With things like these:

  score += *(nbtab + (uchar) bl);       

   bl >>= 8;               

   score += *(nbtab + (uchar) bh);       

   bh >>= 8;

you're killing the memory interface of the card. It is designed to read 2048 bit large aligned chunks of memory, but your code reads lots of 8bit unaligned values.

But luckily the tables are very small, so my advice would be:

- in the start, copy your tables into local memory (LDS).

- also as i'm not sure right now, that there are dedicated 16bit LDS instructions, you can widen the table elements to 32bit for easier access.

- shifting 64 bit value is slower than just masking out adjacent bits from 32 bit integers. There are AMD exclusive extensions for this in OpenCL.

- use 64 as workgroupsize, so the local barriers can be eliminated.

- as now in the beginning of the kernel you have to copy tables into local memory takes lots of time, try to make your outer loop as long as possible.

- 78000 kernel launches are so bad. Try to launch exactly no_of_streams_in_your_card*4 (or integer multiples of this) kernels only, and make long work queues inside them. This requires that you make every thread has same exec times. For max alu utilization you'll need long kernels that runs over 100ms time. Unfortunately your algo is so memory hungry, that it can't go near max alu utilization but with LDS it should outperform the cpu implementation many times.

Good luck!

0 Likes

Hi realhet,

A lot of food for thought there and a lot I don't yet understand.

You mention making the outer loop as long as possible, there is only one trivial loop in the kernel which could be unrolled.

Do you mean I should make one so that a single kernel thread processes multiple work items ?

I can see how this would be useful : use of local memory would give more benefits.

Not sure how to do this though, by default I get as many threads as work items, so there is no loop.

Copying say nbtab (the most used table) to local memory did not seem to help, nor did just defining the array nbtab with

all its values inside the kernel.
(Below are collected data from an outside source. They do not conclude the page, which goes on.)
(* Let $m=2^{e_1}p_2^{e_2}\cdots p_r^{e_r}$ with $e_1\ge0$, $p_j$ distinct odd primes and $e_j\ge1$, and let $m_0$ be the squarefree part of $m/2^{e_1}$. Then for every real $s>1/2$, $\mathbb E(\mathbb X_s(m))=h_m(s)$. Furthermore, \[\mathbb E(\mathbb X_\infty(m))=\frac{(-1)^{\omega(m_0)}}{m_0}\prod_{2\le j\le r,\ e_j\text{ even}}\Bigl(1-\frac2{p_j}\Bigr)\frac{a(m)}4.\]
   Context: $\omega(m_0)$ is the number of prime factors of $m_0$; $a(m)=4$ if $m$ is odd and $a(m)=2(-1)^{e_1}$ otherwise. For real $s>1/2$, $(\mathbb X_s(p))_p$ are independent random variables indexed by primes with, for odd $p$, $\mathbb P(\mathbb X_s(p)=1)=a_p(s):=\frac{p-3}{2p}+\frac{2}{p(p^s+1)}$, $\mathbb P(\mathbb X_s(p)=-1)=b_p(s):=\frac{p-1}{2p}$, $\mathbb P(\mathbb X_s(p)=0)=c_p(s):=1-a_p(s)-b_p(s)=1-\frac1p\bigl(p-2+\frac2{p^s+1}\bigr)$; and $\mathbb P(\mathbb X_s(2)=1)=\frac1{8^s+2^s+2}$, $\mathbb P(\mathbb X_s(2)=-1)=\frac12\frac{8^s-4^s+2}{8^s+2^s+2}$, $\mathbb P(\mathbb X_s(2)=0)=\frac{2^{s-1}(4^s+2^s+2)}{8^s+2^s+2}$. $(\mathbb X_\infty(p))_p$ are independent with, for odd $p$, $\mathbb P(\mathbb X_\infty(p)=1)=\frac{p-3}{2p}$, $\mathbb P(\mathbb X_\infty(p)=-1)=\frac{p-1}{2p}$, $\mathbb P(\mathbb X_\infty(p)=0)=\frac2p$, and $\mathbb P(\mathbb X_\infty(2)=1)=0$, $\mathbb P(\mathbb X_\infty(2)=\pm\text{}-1)=\mathbb P(\mathbb X_\infty(2)=0)=\frac12$ (i.e. $\mathbb P(\mathbb X_\infty(2)=-1)=\frac12$). Both families are extended totally multiplicatively: value $1$ at $n=1$ and $\prod_{p^e\|n}(\cdot)(p)^e$. Finally \[h_m(s)=\frac{(-1)^{\omega(m_0)}}{m_0}\,\frac{\prod_{2\le j\le r,\ e_j\text{ even}}\bigl(1-\frac2{p_j}\bigr)\bigl(1+\frac{2(p_j-1)}{(p_j-2)(p_j^s-1)}\bigr)}{\prod_{p\mid m}\bigl(1+\frac2{p^s-1}\bigr)}\,\tilde\kappa(m,s),\] where $\tilde\kappa(m,s)=1$ if $m$ is odd and $\tilde\kappa(m,s)=\frac{(-1)^{e_1}}2\frac{8^s+4^s}{8^s+2^s+2}\bigl(1+\frac{2(1+(-1)^{e_1})}{4^s(2^s-1)}\bigr)$ if $m$ is even. *)

theory Defs
  imports "HOL-Probability.Probability" "HOL-Computational_Algebra.Primes"
begin
(* Let $\mathcal{A}=(T(\Sigma,X),\Rightarrow_\Pi)$ be an abstract reduction system closed under substitutions, and let $(u_1\Rightarrow_{w_1}v_1,\ u_2\Rightarrow_{w_2}v_2)$ be a recurrent pair in $\mathcal{A}$, with $c_1,c_2,x,y,s,t,n_1,n_2,n_3,n_4$ as in the definition of recurrent pair. Then for all $m,n\in\mathbb{N}$ with $n\ge n_2$, the term $c_1[m,n]$ starts an infinite $(\Rightarrow_{w_1}^{*}\circ\Rightarrow_{w_2})$-chain, i.e. there is an infinite sequence $a_0=c_1[m,n],a_1,a_2,\dots$ of terms with $a_k\ (\Rightarrow_{w_1}^{*}\circ\Rightarrow_{w_2})\ a_{k+1}$ for all $k\in\mathbb{N}$.
   Context: Fix a signature $\Sigma$, a countably infinite set $X$ of variables disjoint from $\Sigma$, and two distinct fresh hole constants $\square,\square'\notin\Sigma\cup X$. Terms are elements of $T(\Sigma,X)$; substitutions $\theta$ (maps $X\to T(\Sigma,X)$ moving finitely many variables) act homomorphically; $\mathit{Var}$ denotes the variable set. An abstract reduction system $(A,\Rightarrow_\Pi)$ has $\Rightarrow_\Pi=\bigcup_{\pi\in\Pi}\Rightarrow_\pi$; for $w=\langle\pi_1,\dots,\pi_k\rangle\in\Pi^*$, $\Rightarrow_w=\Rightarrow_{\pi_1}\circ\cdots\circ\Rightarrow_{\pi_k}$ ($\Rightarrow_\epsilon$ the identity), where $\phi\circ\varphi=\{(a,a'')\mid\exists a_1,(a,a_1)\in\phi,(a_1,a'')\in\varphi\}$; $\Rightarrow_w^*$ is the reflexive-transitive closure of $\Rightarrow_w$. It is closed under substitutions if for all $s,t\in A$, $w\in\Pi^*$ and substitutions $\theta$, $s\Rightarrow_w t$ implies $s\theta\Rightarrow_w t\theta$. Let $c_1$ be a term over $\Sigma\cup\{\square,\square'\}$ and $X$ containing at least one occurrence of $\square$ and of $\square'$, and $c_1[t,t']$ the result of replacing all $\square$ by $t$ and all $\square'$ by $t'$. Let $c_2$ be a term over $\Sigma\cup\{\square\}$ and $X$ containing at least one $\square$ (and no $\square'$), $c_2[t]$ the result of replacing all $\square$ by $t$, $c_2^0[t]=t$, $c_2^{k+1}[t]=c_2[c_2^k[t]]$. A recurrent pair in $\mathcal{A}$ is a pair of chains $u_1\Rightarrow_{w_1}v_1$ and $u_2\Rightarrow_{w_2}v_2$ ($w_1,w_2\in\Pi^*$) such that: $u_1=c_1[x,c_2[y]]$, $v_1=c_1[c_2^{n_1}[x],y]$, $u_2=c_1[x,c_2^{n_2}[s]]$, $v_2=c_1[c_2^{n_3}[t],c_2^{n_4}[x]]$ for variables $x\neq y$ with $\{x,y\}\cap\mathit{Var}(c_1)=\emptyset$, a term $s$, naturals $n_1,n_2,n_3,n_4$; $\mathit{Var}(c_2)=\mathit{Var}(s)=\emptyset$; $t\in\{x,s\}$; and $n_4\ge n_2$. For $m,n\in\mathbb{N}$, $c_1[m,n]$ denotes the term $c_1[c_2^m[s],c_2^n[s]]$. *)

theory Defs
  imports Main "HOL-Library.Countable_Set"
begin

datatype ('f, 'v) "term" = Var 'v | Fun 'f "('f, 'v) term list"

fun vars_term :: "('f, 'v) term \<Rightarrow> 'v set" where
  "vars_term (Var x) = {x}"
| "vars_term (Fun f ts) = (\<Union>t \<in> set ts. vars_term t)"

fun subst_apply :: "('f, 'v) term \<Rightarrow> ('v \<Rightarrow> ('f, 'v) term) \<Rightarrow> ('f, 'v) term" where
  "subst_apply (Var x) \<theta> = \<theta> x"
| "subst_apply (Fun f ts) \<theta> = Fun f (map (\<lambda>t. subst_apply t \<theta>) ts)"

definition is_subst :: "('v \<Rightarrow> ('f, 'v) term) \<Rightarrow> bool" where
  "is_subst \<theta> \<longleftrightarrow> finite {x. \<theta> x \<noteq> Var x}"

(* Terms over Sigma \<union> {hole, hole'} and X: two distinct fresh hole constants *)
datatype ('f, 'v) ctxt = CVar 'v | CFun 'f "('f, 'v) ctxt list" | Hole | Hole'

fun vars_ctxt :: "('f, 'v) ctxt \<Rightarrow> 'v set" where
  "vars_ctxt (CVar x) = {x}"
| "vars_ctxt (CFun f cs) = (\<Union>c \<in> set cs. vars_ctxt c)"
| "vars_ctxt Hole = {}"
| "vars_ctxt Hole' = {}"

fun has_hole :: "('f, 'v) ctxt \<Rightarrow> bool" where
  "has_hole (CVar x) = False"
| "has_hole (CFun f cs) = (\<exists>c \<in> set cs. has_hole c)"
| "has_hole Hole = True"
| "has_hole Hole' = False"

fun has_hole' :: "('f, 'v) ctxt \<Rightarrow> bool" where
  "has_hole' (CVar x) = False"
| "has_hole' (CFun f cs) = (\<exists>c \<in> set cs. has_hole' c)"
| "has_hole' Hole = False"
| "has_hole' Hole' = True"

fun fill2 :: "('f, 'v) ctxt \<Rightarrow> ('f, 'v) term \<Rightarrow> ('f, 'v) term \<Rightarrow> ('f, 'v) term" where
  "fill2 (CVar x) t t' = Var x"
| "fill2 (CFun f cs) t t' = Fun f (map (\<lambda>c. fill2 c t t') cs)"
| "fill2 Hole t t' = t"
| "fill2 Hole' t t' = t'"

definition fill1 :: "('f, 'v) ctxt \<Rightarrow> ('f, 'v) term \<Rightarrow> ('f, 'v) term" where
  "fill1 c t = fill2 c t t"

fun fill_pow :: "('f, 'v) ctxt \<Rightarrow> nat \<Rightarrow> ('f, 'v) term \<Rightarrow> ('f, 'v) term" where
  "fill_pow c 0 t = t"
| "fill_pow c (Suc k) t = fill1 c (fill_pow c k t)"

(* Abstract reduction system (T(Sigma,X), \<Rightarrow>_Pi) given by R :: 'p \<Rightarrow> relation, Pi = UNIV :: 'p set.
   \<Rightarrow>_w for a word w = <pi_1,...,pi_k> *)
fun rel_word :: "('p \<Rightarrow> (('f, 'v) term \<times> ('f, 'v) term) set) \<Rightarrow> 'p list
                   \<Rightarrow> (('f, 'v) term \<times> ('f, 'v) term) set" where
  "rel_word R [] = Id"
| "rel_word R (p # w) = R p O rel_word R w"

definition closed_under_subst :: "('p \<Rightarrow> (('f, 'v) term \<times> ('f, 'v) term) set) \<Rightarrow> bool" where
  "closed_under_subst R \<longleftrightarrow>
     (\<forall>s t w \<theta>. is_subst \<theta> \<longrightarrow> (s, t) \<in> rel_word R w \<longrightarrow>
        (subst_apply s \<theta>, subst_apply t \<theta>) \<in> rel_word R w)"

definition recurrent_pair ::
  "('p \<Rightarrow> (('f, 'v) term \<times> ('f, 'v) term) set) \<Rightarrow> 'p list \<Rightarrow> 'p list \<Rightarrow>
   ('f, 'v) ctxt \<Rightarrow> ('f, 'v) ctxt \<Rightarrow> 'v \<Rightarrow> 'v \<Rightarrow> ('f, 'v) term \<Rightarrow> ('f, 'v) term \<Rightarrow>
   nat \<Rightarrow> nat \<Rightarrow> nat \<Rightarrow> nat \<Rightarrow> bool" where
  "recurrent_pair R w1 w2 c1 c2 x y s t n1 n2 n3 n4 \<longleftrightarrow>
     has_hole c1 \<and> has_hole' c1 \<and> has_hole c2 \<and> \<not> has_hole' c2 \<and>
     x \<noteq> y \<and> x \<notin> vars_ctxt c1 \<and> y \<notin> vars_ctxt c1 \<and>
     vars_ctxt c2 = {} \<and> vars_term s = {} \<and> t \<in> {Var x, s} \<and> n4 \<ge> n2 \<and>
     (fill2 c1 (Var x) (fill1 c2 (Var y)), fill2 c1 (fill_pow c2 n1 (Var x)) (Var y))
        \<in> rel_word R w1 \<and>
     (fill2 c1 (Var x) (fill_pow c2 n2 s), fill2 c1 (fill_pow c2 n3 t) (fill_pow c2 n4 (Var x)))
        \<in> rel_word R w2"

definition c1_mn :: "('f, 'v) ctxt \<Rightarrow> ('f, 'v) ctxt \<Rightarrow> ('f, 'v) term \<Rightarrow> nat \<Rightarrow> nat \<Rightarrow> ('f, 'v) term" where
  "c1_mn c1 c2 s m n = fill2 c1 (fill_pow c2 m s) (fill_pow c2 n s)"

end

theory Submission
  imports Defs
begin

text \<open>Because c2 and s are ground, instantiating the two rules of a recurrent pair at
  terms c2^k[s] yields steps between terms of the shape c1[m, n]. With x := c2^m[s] and
  y := c2^n[s] the w1-rule rewrites c1[m, n+1] to c1[n1+m, n], so iterating it lowers the second
  index to n2. There the w2-rule with x := c2^M[s] produces some c1[M', n4+M], and n4+M \<ge> n2, so
  the argument repeats forever.\<close>

lemma subst_apply_ground: "vars_term s = {} \<Longrightarrow> subst_apply s \<theta> = s"
  by (induction s) (auto simp: map_idI)

lemma subst_apply_fill2:
  "\<forall>z\<in>vars_ctxt c. \<theta> z = Var z \<Longrightarrow>
   subst_apply (fill2 c u v) \<theta> = fill2 c (subst_apply u \<theta>) (subst_apply v \<theta>)"
  by (induction c) auto

lemma subst_apply_fill_pow:
  "vars_ctxt c = {} \<Longrightarrow> subst_apply (fill_pow c k u) \<theta> = fill_pow c k (subst_apply u \<theta>)"
  by (induction k) (auto simp: fill1_def subst_apply_fill2)

lemma fill_pow_add: "fill_pow c (a + b) u = fill_pow c a (fill_pow c b u)"
  by (induction a) auto

lemma is_subst_Var: "is_subst Var"
  by (simp add: is_subst_def)

lemma is_subst_fun_upd: "is_subst \<theta> \<Longrightarrow> is_subst (\<theta>(x := u))"
proof -
  assume "is_subst \<theta>"
  moreover have "{z. (\<theta>(x := u)) z \<noteq> Var z} \<subseteq> insert x {z. \<theta> z \<noteq> Var z}" by auto
  ultimately show ?thesis unfolding is_subst_def by (meson finite_insert finite_subset)
qed

lemma closed_under_substD:
  "closed_under_subst R \<Longrightarrow> is_subst \<theta> \<Longrightarrow> (u, v) \<in> rel_word R w \<Longrightarrow>
   (subst_apply u \<theta>, subst_apply v \<theta>) \<in> rel_word R w"
  unfolding closed_under_subst_def by blast

lemma infinite_chain_from_invariant:
  assumes "I a" and step: "\<And>a. I a \<Longrightarrow> \<exists>b. I b \<and> (a, b) \<in> r"
  shows "\<exists>f. f 0 = a \<and> (\<forall>k. (f k, f (Suc k)) \<in> r)"
proof -
  obtain g where g: "\<And>a. I a \<Longrightarrow> I (g a) \<and> (a, g a) \<in> r"
    using step by metis
  define f where "f k = (g ^^ k) a" for k
  have "I (f k)" for k
    by (induction k) (use \<open>I a\<close> g in \<open>auto simp: f_def\<close>)
  then have "(f k, f (Suc k)) \<in> r" for k
    using g by (simp add: f_def)
  moreover have "f 0 = a" by (simp add: f_def)
  ultimately show ?thesis by blast
qed

locale closed_recurrent_pair =
  fixes R :: "'p \<Rightarrow> (('f, 'v) term \<times> ('f, 'v) term) set"
    and w1 w2 :: "'p list"
    and c1 c2 :: "('f, 'v) ctxt"
    and x y :: 'v
    and s t :: "('f, 'v) term"
    and n1 n2 n3 n4 :: nat
  assumes closed: "closed_under_subst R"
    and recurrent: "recurrent_pair R w1 w2 c1 c2 x y s t n1 n2 n3 n4"
begin

lemma w1_rule: "(fill2 c1 (Var x) (fill1 c2 (Var y)), fill2 c1 (fill_pow c2 n1 (Var x)) (Var y))
    \<in> rel_word R w1"
  and w2_rule: "(fill2 c1 (Var x) (fill_pow c2 n2 s),
      fill2 c1 (fill_pow c2 n3 t) (fill_pow c2 n4 (Var x))) \<in> rel_word R w2"
  and x_neq_y: "x \<noteq> y"
  and x_notin_c1: "x \<notin> vars_ctxt c1" and y_notin_c1: "y \<notin> vars_ctxt c1"
  and c2_ground: "vars_ctxt c2 = {}" and s_ground: "vars_term s = {}"
  and t_cases: "t \<in> {Var x, s}" and n2_le_n4: "n2 \<le> n4"
  using recurrent unfolding recurrent_pair_def by auto

lemma w1_step: "(c1_mn c1 c2 s m (Suc n), c1_mn c1 c2 s (n1 + m) n) \<in> rel_word R w1"
proof -
  define \<theta> where "\<theta> = (Var(x := fill_pow c2 m s))(y := fill_pow c2 n s)"
  have c1_fixed: "\<forall>z\<in>vars_ctxt c1. \<theta> z = Var z"
    using x_notin_c1 y_notin_c1 by (auto simp: \<theta>_def)
  have \<theta>_x: "\<theta> x = fill_pow c2 m s" and \<theta>_y: "\<theta> y = fill_pow c2 n s"
    using x_neq_y by (auto simp: \<theta>_def)
  have "subst_apply (fill1 c2 (Var y)) \<theta> = fill_pow c2 (Suc n) s"
    using subst_apply_fill2[of c2] c2_ground by (simp add: fill1_def \<theta>_y)
  then have lhs: "subst_apply (fill2 c1 (Var x) (fill1 c2 (Var y))) \<theta> = c1_mn c1 c2 s m (Suc n)"
    by (simp add: subst_apply_fill2[OF c1_fixed] \<theta>_x c1_mn_def)
  have rhs: "subst_apply (fill2 c1 (fill_pow c2 n1 (Var x)) (Var y)) \<theta> = c1_mn c1 c2 s (n1 + m) n"
    by (simp add: subst_apply_fill2[OF c1_fixed] subst_apply_fill_pow[OF c2_ground]
        fill_pow_add \<theta>_x \<theta>_y c1_mn_def)
  have "is_subst \<theta>"
    unfolding \<theta>_def by (intro is_subst_fun_upd is_subst_Var)
  from closed_under_substD[OF closed this w1_rule] show ?thesis
    by (simp only: lhs rhs)
qed

lemma w1_steps: "(c1_mn c1 c2 s m (k + n), c1_mn c1 c2 s (n1 * k + m) n) \<in> (rel_word R w1)\<^sup>*"
proof (induction k arbitrary: m)
  case 0
  then show ?case by simp
next
  case (Suc k)
  have "(c1_mn c1 c2 s m (Suc k + n), c1_mn c1 c2 s (n1 + m) (k + n)) \<in> rel_word R w1"
    using w1_step by simp
  moreover have "(c1_mn c1 c2 s (n1 + m) (k + n), c1_mn c1 c2 s (n1 * Suc k + m) n)
      \<in> (rel_word R w1)\<^sup>*"
    using Suc.IH[of "n1 + m"] by (simp add: algebra_simps)
  ultimately show ?case by (rule converse_rtrancl_into_rtrancl)
qed

lemma w2_step: "\<exists>m'. (c1_mn c1 c2 s m n2, c1_mn c1 c2 s m' (n4 + m)) \<in> rel_word R w2"
proof -
  define \<theta> where "\<theta> = Var(x := fill_pow c2 m s)"
  have c1_fixed: "\<forall>z\<in>vars_ctxt c1. \<theta> z = Var z"
    using x_notin_c1 by (auto simp: \<theta>_def)
  have \<theta>_x: "\<theta> x = fill_pow c2 m s"
    by (simp add: \<theta>_def)
  define m' where "m' = (if t = Var x then n3 + m else n3)"
  have "subst_apply (fill_pow c2 n3 t) \<theta> = fill_pow c2 m' s"
    using t_cases by (auto simp: subst_apply_fill_pow[OF c2_ground] subst_apply_ground[OF s_ground]
        fill_pow_add \<theta>_def m'_def)
  then have rhs: "subst_apply (fill2 c1 (fill_pow c2 n3 t) (fill_pow c2 n4 (Var x))) \<theta>
      = c1_mn c1 c2 s m' (n4 + m)"
    by (simp add: subst_apply_fill2[OF c1_fixed] subst_apply_fill_pow[OF c2_ground]
        fill_pow_add[symmetric] \<theta>_x c1_mn_def)
  have lhs: "subst_apply (fill2 c1 (Var x) (fill_pow c2 n2 s)) \<theta> = c1_mn c1 c2 s m n2"
    by (simp add: subst_apply_fill2[OF c1_fixed] subst_apply_ground[OF s_ground]
        subst_apply_fill_pow[OF c2_ground] \<theta>_x c1_mn_def)
  have "is_subst \<theta>"
    unfolding \<theta>_def by (intro is_subst_fun_upd is_subst_Var)
  from closed_under_substD[OF closed this w2_rule] show ?thesis
    unfolding lhs rhs by blast
qed

lemma chain_step:
  assumes "n2 \<le> n"
  shows "\<exists>m' n'. n2 \<le> n' \<and>
    (c1_mn c1 c2 s m n, c1_mn c1 c2 s m' n') \<in> (rel_word R w1)\<^sup>* O rel_word R w2"
proof -
  define M where "M = n1 * (n - n2) + m"
  have "(c1_mn c1 c2 s m n, c1_mn c1 c2 s M n2) \<in> (rel_word R w1)\<^sup>*"
    using w1_steps[of m "n - n2" n2] assms by (simp add: M_def)
  moreover obtain m' where "(c1_mn c1 c2 s M n2, c1_mn c1 c2 s m' (n4 + M)) \<in> rel_word R w2"
    using w2_step by blast
  moreover have "n2 \<le> n4 + M"
    using n2_le_n4 by simp
  ultimately show ?thesis by blast
qed

end

theorem corollary13:
  fixes R :: "'p \<Rightarrow> (('f, 'v) term \<times> ('f, 'v) term) set"
    and w1 w2 :: "'p list"
    and c1 c2 :: "('f, 'v) ctxt"
    and x y :: 'v
    and s t :: "('f, 'v) term"
    and n1 n2 n3 n4 m n :: nat
  assumes "countable (UNIV :: 'v set)" and "infinite (UNIV :: 'v set)"
    and "closed_under_subst R"
    and "recurrent_pair R w1 w2 c1 c2 x y s t n1 n2 n3 n4"
    and "n \<ge> n2"
  shows "\<exists>a :: nat \<Rightarrow> ('f, 'v) term. a 0 = c1_mn c1 c2 s m n \<and>
           (\<forall>k. (a k, a (Suc k)) \<in> (rel_word R w1)\<^sup>* O rel_word R w2)"
proof -
  interpret closed_recurrent_pair R w1 w2 c1 c2 x y s t n1 n2 n3 n4
    using assms(3,4) by unfold_locales
  show ?thesis
  proof (rule infinite_chain_from_invariant)
    let ?I = "\<lambda>a. \<exists>m n. n2 \<le> n \<and> a = c1_mn c1 c2 s m n"
    show "?I (c1_mn c1 c2 s m n)"
      using assms(5) by blast
    show "\<exists>b. ?I b \<and> (a, b) \<in> (rel_word R w1)\<^sup>* O rel_word R w2" if "?I a" for a
      using that chain_step by blast
  qed
qed

end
May work a lot better if the thread processed multiple work items.

I did try & process multiple work items in a kernel, though kept getting wrong results, not sure why.

Do you know of any published method for doing it ?

Cheers.


0 Likes

Hi,

"Do you mean I should make one so that a single kernel thread processes multiple work items ?"

You said earlier that "The kernel gets called around 78000 times"

Is it means that you use clEnqueueKernelNDRange() 78000 times? If so, that thousands of kernel launches has a very big penalty on GPU. (However no penalty on CPU because the data is already resides on the cpu)


Using local memory would help this way:

Now with global memory, every workitems use the same memory controller concurrently. This is the bottleneck thay you interleave almost every alu operation with a memory operation. On GPU the memory is so slow compared to the ALU even it's 320GByte/sec on the best hardware, there are so many ALU that it could not catch up with.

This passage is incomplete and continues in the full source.